theorem corollary7:
  fixes D :: "('x \<times> 'y) measure"
    and HS :: "('x \<Rightarrow> 'y) measure"
    and K :: "(nat \<Rightarrow> 'x \<times> 'y) \<Rightarrow> ('x \<Rightarrow> 'y) measure"
    and n :: nat
  assumes D: "prob_space D"
    and n: "n > 0"
    and loss_meas: "(\<lambda>(h, z). zero_one_loss h z) \<in> borel_measurable (HS \<Otimes>\<^sub>M D)"
    and K: "K \<in> measurable (sample_dist n D) (prob_algebra HS)"
    and ac: "absolutely_continuous (sample_dist n D \<Otimes>\<^sub>M output_dist (sample_dist n D) K)
               (joint_dist (sample_dist n D) HS K)"
  shows "(\<forall>h \<in> space HS. \<forall>\<eta>::real. \<eta> > 0 \<longrightarrow>
            prob_space.prob (sample_dist n D)
              {s \<in> space (sample_dist n D). \<bar>emp_risk n s h - true_risk D h\<bar> > \<eta>}
            \<le> 2 * exp (- 2 * \<eta>\<^sup>2 * real n))
       \<and> (exp_max_leakage (sample_dist n D) HS K = \<infinity> \<or>
          (\<integral>p. \<bar>emp_risk n (fst p) (snd p) - true_risk D (snd p)\<bar> \<partial>joint_dist (sample_dist n D) HS K)
          \<le> 1 / sqrt (2 * real n) *
             (sqrt (ln 2 + max_leakage (sample_dist n D) HS K)
              + 1 / (2 * sqrt (ln 2 + max_leakage (sample_dist n D) HS K))))"
proof -
  define PS where "PS = sample_dist n D"
  define PH where "PH = output_dist PS K"
  interpret S: prob_space PS
    unfolding PS_def sample_dist_def using D by (rule prob_space_PiM)
  have K': "K \<in> PS \<rightarrow>\<^sub>M prob_algebra HS"
    using K by (simp add: PS_def)
  have PH: "prob_space PH" and sets_PH: "sets PH = sets HS"
    unfolding PH_def using S.prob_space_axioms K' by (rule prob_space_output_dist sets_output_dist)+
  have PSH: "prob_space (joint_dist PS HS K)"
    and sets_PSH: "sets (joint_dist PS HS K) = sets (PS \<Otimes>\<^sub>M PH)"
    using prob_space_joint_dist[OF S.prob_space_axioms K'] sets_joint_dist[OF S.prob_space_axioms K']
      sets_pair_measure_cong[OF refl sets_PH, of PS] by simp_all
  have hoeffding: "\<forall>h \<in> space HS. \<forall>\<eta>::real. \<eta> > 0 \<longrightarrow>
      S.prob {s \<in> space PS. \<bar>emp_risk n s h - true_risk D h\<bar> > \<eta>} \<le> 2 * exp (- 2 * \<eta>\<^sup>2 * real n)"
    using emp_risk_deviation_prob_le[OF D n] measurable_compose[OF measurable_Pair1' loss_meas]
    by (simp add: PS_def)
  have "(\<integral>p. \<bar>emp_risk n (fst p) (snd p) - true_risk D (snd p)\<bar> \<partial>joint_dist PS HS K)
        \<le> 1 / sqrt (2 * real n) * (sqrt (ln 2 + ln A) + 1 / (2 * sqrt (ln 2 + ln A)))"
    if A: "exp_max_leakage PS HS K = ennreal A" for A
  proof (rule integral_le_max_leakage_bound[where PH=PH])
    show "(\<lambda>p. \<bar>emp_risk n (fst p) (snd p) - true_risk D (snd p)\<bar>) \<in> borel_measurable (PS \<Otimes>\<^sub>M PH)"
      unfolding measurable_cong_sets[OF sets_pair_measure_cong[OF refl sets_PH] refl] PS_def
      by (rule measurable_emp_risk_deviation[OF D loss_meas])
    show "emeasure PS {s \<in> space PS. t < \<bar>emp_risk n (fst (s, h)) (snd (s, h)) - true_risk D (snd (s, h))\<bar>}
          \<le> ennreal (2 * exp (- (2 * real n) * t\<^sup>2))" if "h \<in> space PH" "t > 0" for h t
      using hoeffding that sets_eq_imp_space_eq[OF sets_PH]
      by (simp add: S.emeasure_eq_measure mult_ac ennreal_leI)
  qed (use A ac n S.prob_space_axioms PH PSH sets_PSH in \<open>auto simp: PH_def exp_max_leakage_def PS_def\<close>)
  then show ?thesis
    using hoeffding by (cases "exp_max_leakage PS HS K") (auto simp: max_leakage_def PS_def)
qed
text \<open>Clamping the upper limit of integration to \<open>[a, a + \<delta>]\<close> lets the Picard map act on
  bounded continuous functions on the whole line, where it is a contraction with constant \<open>\<delta> K\<close>.\<close>

lemma picard_fixed_point:
  fixes G :: "real \<Rightarrow> real \<Rightarrow> real"
  assumes cont: "continuous_on UNIV (\<lambda>p. G (fst p) (snd p))"
    and lip: "\<forall>t\<in>{a..a+\<delta>}. K-lipschitz_on UNIV (G t)"
    and \<delta>: "0 < \<delta>" "\<delta> * K < 1"
  obtains \<phi> where "continuous_on UNIV \<phi>" "\<And>v. v \<in> {a..a+\<delta>} \<Longrightarrow> \<phi> v = y + integral {a..v} (\<lambda>t. G t (\<phi> t))"
proof -
  have K: "0 \<le> K" using lip \<delta>(1) lipschitz_on_nonneg by force
  define cl where "cl v = max a (min (a + \<delta>) v)" for v
  have cl: "cl v \<in> {a..a+\<delta>}" for v using \<delta>(1) by (auto simp: cl_def)
  define P where "P f v = y + integral {a..cl v} (\<lambda>t. G t (f t))" for f :: "real \<Rightarrow> real" and v
  have P: "P (apply_bcontfun \<phi>) \<in> bcontfun" for \<phi>
  proof -
    have "continuous_on {a..a+\<delta>} (\<lambda>t. G t (\<phi> t))"
      by (rule continuous_on_compose_curried[OF cont continuous_on_apply_bcontfun])
    then show ?thesis unfolding P_def cl_def
      by (rule clamped_indefinite_integral_bcontfun) (use \<delta>(1) in simp)
  qed
  define picard where "picard \<phi> = Bcontfun (P (apply_bcontfun \<phi>))" for \<phi> :: "real \<Rightarrow>\<^sub>C real"
  have picard: "apply_bcontfun (picard \<phi>) = P (apply_bcontfun \<phi>)" for \<phi>
    unfolding picard_def using P by (simp add: Bcontfun_inverse)
  have "dist (picard \<phi>) (picard \<psi>) \<le> (\<delta> * K) * dist \<phi> \<psi>" for \<phi> \<psi>
  proof (rule dist_bound)
    fix v
    let ?d = "\<lambda>t. G t (\<phi> t) - G t (\<psi> t)"
    have cont_along: "continuous_on {a..cl v} (\<lambda>t. G t (\<phi> t))" "continuous_on {a..cl v} (\<lambda>t. G t (\<psi> t))"
      by (rule continuous_on_compose_curried[OF cont continuous_on_apply_bcontfun])+
    have "dist (picard \<phi> v) (picard \<psi> v) = norm (integral {a..cl v} ?d)"
      using cont_along by (simp add: picard P_def dist_real_def integral_diff integrable_continuous_real)
    also have "\<dots> \<le> (K * dist \<phi> \<psi>) * (cl v - a)"
    proof (rule integral_bound)
      fix t assume "t \<in> {a..cl v}"
      then have "t \<in> {a..a+\<delta>}" using cl[of v] by auto
      then have "norm (?d t) \<le> K * dist (\<phi> t) (\<psi> t)"
        using lip lipschitz_onD by (fastforce simp: dist_real_def)
      also have "\<dots> \<le> K * dist \<phi> \<psi>" by (intro mult_left_mono dist_bounded K)
      finally show "norm (?d t) \<le> K * dist \<phi> \<psi>" .
    qed (use cl[of v] cont_along in \<open>auto intro!: continuous_intros\<close>)
    also have "\<dots> \<le> (K * dist \<phi> \<psi>) * \<delta>" using cl[of v] K by (intro mult_left_mono) auto
    finally show "dist (picard \<phi> v) (picard \<psi> v) \<le> (\<delta> * K) * dist \<phi> \<psi>" by (simp add: algebra_simps)
  qed
  then obtain \<phi> where "picard \<phi> = \<phi>" using banach_fix_type[of "\<delta> * K" picard] \<delta> K by auto
  then have "\<phi> v = y + integral {a..v} (\<lambda>t. G t (\<phi> t))" if "v \<in> {a..a+\<delta>}" for v
    using that fun_cong[OF picard[of \<phi>], of v] by (simp add: P_def cl_def)
  then show ?thesis using that continuous_on_apply_bcontfun by blast
qed
lemma frame_combination_coords:
  assumes frame: "g_orthonormal g c0 c1 c2 c3"
  shows "frame_combination c0 c1 c2 c3 (frame_coords c0 c1 c2 c3 x) = x"
proof -
  have "inj (frame_combination c0 c1 c2 c3)"
    by (metis frame_coords_combination[OF frame] injI)
  then have "surj (frame_combination c0 c1 c2 c3)"
    using linear_frame_combination linear_injective_imp_surjective by blast
  then obtain \<xi> where "x = frame_combination c0 c1 c2 c3 \<xi>"
    by blast
  then show ?thesis
    by (simp add: frame_coords_combination[OF frame])
qed

lemma frame_expansion:
  assumes "g_orthonormal g c0 c1 c2 c3"
  shows "x = (- g x c0) *\<^sub>R c0 + g x c1 *\<^sub>R c1 + g x c2 *\<^sub>R c2 + g x c3 *\<^sub>R c3"
  using frame_combination_coords[OF assms, of x]
  by (simp add: frame_combination_def frame_coords_def)

lemma g_frame_expansion:
  assumes frame: "g_orthonormal g c0 c1 c2 c3"
  shows "g x y = - g x c0 * g y c0 + g x c1 * g y c1 + g x c2 * g y c2 + g x c3 * g y c3"
proof -
  have "g x y = g ((- g x c0) *\<^sub>R c0 + g x c1 *\<^sub>R c1 + g x c2 *\<^sub>R c2 + g x c3 *\<^sub>R c3) y"
    using frame_expansion[OF frame] by metis
  then show ?thesis
    by (simp add: bilinear_simps g_commute[of _ y])
qed

lemma orthogonal_to_frame_eq_0:
  assumes "g_orthonormal g c0 c1 c2 c3"
    and "g x c0 = 0" "g x c1 = 0" "g x c2 = 0" "g x c3 = 0"
  shows "x = 0"
  using frame_expansion[OF assms(1), of x] assms(2-) by simp

lemma exists_nonzero_orthogonal: "\<exists>x. x \<noteq> 0 \<and> g x v1 = 0 \<and> g x v2 = 0 \<and> g x v3 = 0"
proof -
  define h where "h x = (vector [g x v1, g x v2, g x v3, 0] :: real^4)" for x
  have "linear h"
    unfolding h_def by (intro linearI) (auto simp: vec_eq_iff forall_4 bilinear_simps)
  moreover have "\<not> surj h"
    by (metis h_def surjD vector_4(4) zero_neq_one)
  ultimately have "\<not> inj h"
    using linear_injective_imp_surjective by blast
  then obtain x y where "x \<noteq> y" "h x = h y"
    unfolding inj_def by blast
  then have "x - y \<noteq> 0" "g (x - y) v1 = 0" "g (x - y) v2 = 0" "g (x - y) v3 = 0"
    by (auto simp: h_def vec_eq_iff forall_4 bilinear_simps)
  then show ?thesis
    by blast
qed
lemma cnj_product_sum: "z * w + cnj z * cnj w = complex_of_real (2 * Re (z * w))"
  using complex_add_cnj[of "z * w"] by simp

definition detects_ket00 :: "complex mat \<Rightarrow> bool" where
  "detects_ket00 S \<longleftrightarrow> S \<in> carrier_mat 4 4 \<and> (\<forall>A B. psd 2 A \<longrightarrow> psd 2 B \<longrightarrow>
     0 \<le> mtrace (tensor2 A B * S) \<and> (mtrace (tensor2 A B * S) = 0 \<longrightarrow> A$$(0,0) * B$$(0,0) = 0))"

lemma sigma1_detects_ket00:
  assumes "0 < a" "a < 1"
  shows "detects_ket00 (sigma1 a)"
  unfolding detects_ket00_def
proof (intro conjI allI impI)
  fix A B assume "psd 2 A" "psd 2 B"
  obtain p q z where A: "0 \<le> p" "0 \<le> q" "A$$(0,0) = of_real p" "A$$(1,1) = of_real q"
    "A$$(0,1) = z" "A$$(1,0) = cnj z" "(cmod z)\<^sup>2 \<le> p * q"
    using psd2_entries[OF \<open>psd 2 A\<close>] by blast
  obtain r s w where B: "0 \<le> r" "0 \<le> s" "B$$(0,0) = of_real r" "B$$(1,1) = of_real s"
    "B$$(0,1) = w" "B$$(1,0) = cnj w" "(cmod w)\<^sup>2 \<le> r * s"
    using psd2_entries[OF \<open>psd 2 B\<close>] by blast
  define t where "t = Re (z * w)"
  have bound: "t\<^sup>2 \<le> p * q * (r * s)"
    unfolding t_def using re_mult_square_bound[of z w] mult_mono[OF A(7) B(7)] A B by (auto intro: order_trans)
  have AB: "A \<in> carrier_mat 2 2" "B \<in> carrier_mat 2 2"
    using \<open>psd 2 A\<close> \<open>psd 2 B\<close> by (simp_all add: psd_def)
  have cross: "of_real p * of_real r + z * w + cnj z * cnj w + of_real q * of_real s
      = complex_of_real (p * r + q * s + 2 * t)"
    using cnj_product_sum[of z w, folded t_def] by (simp add: algebra_simps)
  define g where "g = a / 2 * (p * r + q * s + 2 * t) + (1 - a) * (p * s)"
  have tr: "mtrace (tensor2 A B * sigma1 a) = of_real g"
    unfolding trace_tensor_sigma1[OF AB] A(3-6) B(3-6) cross g_def by (simp add: algebra_simps)
  note overlap = weighted_overlap[OF A(1,2) B(1,2) bound assms disjI1[OF refl], folded g_def]
  show "0 \<le> mtrace (tensor2 A B * sigma1 a)"
    unfolding tr using overlap(1) by (simp add: less_eq_complex_def)
  show "A$$(0,0) * B$$(0,0) = 0" if "mtrace (tensor2 A B * sigma1 a) = 0"
    using that overlap(2) unfolding tr A(3) B(3) by simp
qed simp
(* For all finite multisets $\Gamma,\Delta$ of formulas: $\mathsf{G}(\mathbf{KT}_D)\vdash\Gamma\Rightarrow\Delta$ if and only if $\mathsf{G}(\mathbf{KT}^+_D)\vdash\emptyset\mid\Gamma\Rightarrow\Delta$.
   Context: Language: fix a finite nonempty set $\mathsf{Agt}$ of agents and a countable set $\mathsf{Prop}$ of propositional variables; $\mathsf{Grp}$ is the set of nonempty subsets of $\mathsf{Agt}$. Formulas: $\alpha::=p\mid\bot\mid\alpha\wedge\alpha\mid\alpha\vee\alpha\mid\alpha\rightarrow\alpha\mid\neg\alpha\mid D_G\alpha$ ($p\in\mathsf{Prop}$, $G\in\mathsf{Grp}$). Outmost-boxed formula: one of the form $D_G\gamma$. Derivable = root of a finite tree built from initial sequents by the rules of the calculus. Calculus $\mathsf{G}(\mathbf{KT}_D)$ on sequents $\Gamma\Rightarrow\Delta$ (pairs of finite multisets): initial sequents $\Gamma,p\Rightarrow p,\Delta$ and $\bot,\Gamma\Rightarrow\Delta$; rules $(R\wedge)$ from $\Gamma\Rightarrow\Delta,\alpha_1$ and $\Gamma\Rightarrow\Delta,\alpha_2$ infer $\Gamma\Rightarrow\Delta,\alpha_1\wedge\alpha_2$; $(L\wedge)$ from $\alpha_1,\alpha_2,\Gamma\Rightarrow\Delta$ infer $\alpha_1\wedge\alpha_2,\Gamma\Rightarrow\Delta$; $(R\vee)$ from $\Gamma\Rightarrow\Delta,\alpha_1,\alpha_2$ infer $\Gamma\Rightarrow\Delta,\alpha_1\vee\alpha_2$; $(L\vee)$ from $\alpha_1,\Gamma\Rightarrow\Delta$ and $\alpha_2,\Gamma\Rightarrow\Delta$ infer $\alpha_1\vee\alpha_2,\Gamma\Rightarrow\Delta$; $(R\rightarrow)$ from $\alpha_1,\Gamma\Rightarrow\Delta,\alpha_2$ infer $\Gamma\Rightarrow\Delta,\alpha_1\rightarrow\alpha_2$; $(L\rightarrow)$ from $\Gamma\Rightarrow\Delta,\alpha_1$ and $\alpha_2,\Gamma\Rightarrow\Delta$ infer $\alpha_1\rightarrow\alpha_2,\Gamma\Rightarrow\Delta$; $(R\neg)$ from $\alpha,\Gamma\Rightarrow\Delta$ infer $\Gamma\Rightarrow\Delta,\neg\alpha$; $(L\neg)$ from $\Gamma\Rightarrow\Delta,\alpha$ infer $\neg\alpha,\Gamma\Rightarrow\Delta$; $(D_K)$: from $\alpha_1,\dots,\alpha_n\Rightarrow\beta$ ($n\ge0$) infer $\Sigma,D_{G_1}\alpha_1,\dots,D_{G_n}\alpha_n\Rightarrow D_G\beta,\Omega$ where all $G_i\subseteq G$, $\Sigma$ consists only of propositional variables, $\bot$, and $D_H\gamma$ with $H\not\subseteq G$, and $\Omega$ only of propositional variables, $\bot$, outmost-boxed formulas; $(D_T)$: from $D_G\alpha,\alpha,\Gamma\Rightarrow\Delta$ infer $D_G\alpha,\Gamma\Rightarrow\Delta$. Calculus $\mathsf{G}(\mathbf{KT}^+_D)$ on T-sequents $\Sigma\mid\Gamma\Rightarrow\Delta$ ($\Gamma,\Delta$ finite multisets of formulas, $\Sigma$ a finite multiset of outmost-boxed formulas): initial sequents $\Sigma\mid\Gamma,p\Rightarrow p,\Delta$ and $\Sigma\mid\bot,\Gamma\Rightarrow\Delta$; the same eight propositional rules acting on $\Gamma,\Delta$ with $\Sigma$ unchanged; $(D_K^+)$: from $\emptyset\mid\alpha_1,\dots,\alpha_n\Rightarrow\beta$ ($n\ge0$) infer $\Sigma,D_{G_1}\alpha_1,\dots,D_{G_n}\alpha_n\mid\Pi\Rightarrow D_G\beta,\Omega$, provided $G_i\subseteq G$, $\Sigma$ consists only of formulas $D_H\gamma$ with $H\not\subseteq G$, $\Pi$ only of propositional variables and $\bot$, $\Omega$ only of propositional variables, $\bot$, outmost-boxed formulas; $(D_T^+)$: from $D_G\alpha,\Sigma\mid\Gamma,\alpha\Rightarrow\Delta$ infer $\Sigma\mid\Gamma,D_G\alpha\Rightarrow\Delta$. *)

theory Defs
  imports Main "HOL-Library.Multiset" "HOL-Library.Countable"
begin

text \<open>Groups: nonempty sets of agents. Agents form a finite (nonempty) type 'a.\<close>
typedef 'a grp = "{G :: 'a set. G \<noteq> {}}"
  morphisms gset Abs_grp
  by auto

datatype ('a, 'p) fm =
    Atom 'p
  | Bot
  | Conj "('a,'p) fm" "('a,'p) fm"
  | Disj "('a,'p) fm" "('a,'p) fm"
  | Imp "('a,'p) fm" "('a,'p) fm"
  | Neg "('a,'p) fm"
  | Box "'a grp" "('a,'p) fm"

fun is_boxed :: "('a,'p) fm \<Rightarrow> bool" where
  "is_boxed (Box G a) = True"
| "is_boxed _ = False"

fun is_atom_or_bot :: "('a,'p) fm \<Rightarrow> bool" where
  "is_atom_or_bot (Atom p) = True"
| "is_atom_or_bot Bot = True"
| "is_atom_or_bot _ = False"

■ **WHAT THE TASK REQUIRES**
Your answer should consist of the lines from the line with "(picard \<phi>) = P" to the line with "using lip lipschitz_onD" above, repeated exactly, both ends included.

■ **SOLUTION**
  have picard: "apply_bcontfun (picard \<phi>) = P (apply_bcontfun \<phi>)" for \<phi>
    unfolding picard_def using P by (simp add: Bcontfun_inverse)
  have "dist (picard \<phi>) (picard \<psi>) \<le> (\<delta> * K) * dist \<phi> \<psi>" for \<phi> \<psi>
  proof (rule dist_bound)
    fix v
    let ?d = "\<lambda>t. G t (\<phi> t) - G t (\<psi> t)"
    have cont_along: "continuous_on {a..cl v} (\<lambda>t. G t (\<phi> t))" "continuous_on {a..cl v} (\<lambda>t. G t (\<psi> t))"
      by (rule continuous_on_compose_curried[OF cont continuous_on_apply_bcontfun])+
    have "dist (picard \<phi> v) (picard \<psi> v) = norm (integral {a..cl v} ?d)"
      using cont_along by (simp add: picard P_def dist_real_def integral_diff integrable_continuous_real)
    also have "\<dots> \<le> (K * dist \<phi> \<psi>) * (cl v - a)"
    proof (rule integral_bound)
      fix t assume "t \<in> {a..cl v}"
      then have "t \<in> {a..a+\<delta>}" using cl[of v] by auto
      then have "norm (?d t) \<le> K * dist (\<phi> t) (\<psi> t)"
        using lip lipschitz_onD by (fastforce simp: dist_real_def)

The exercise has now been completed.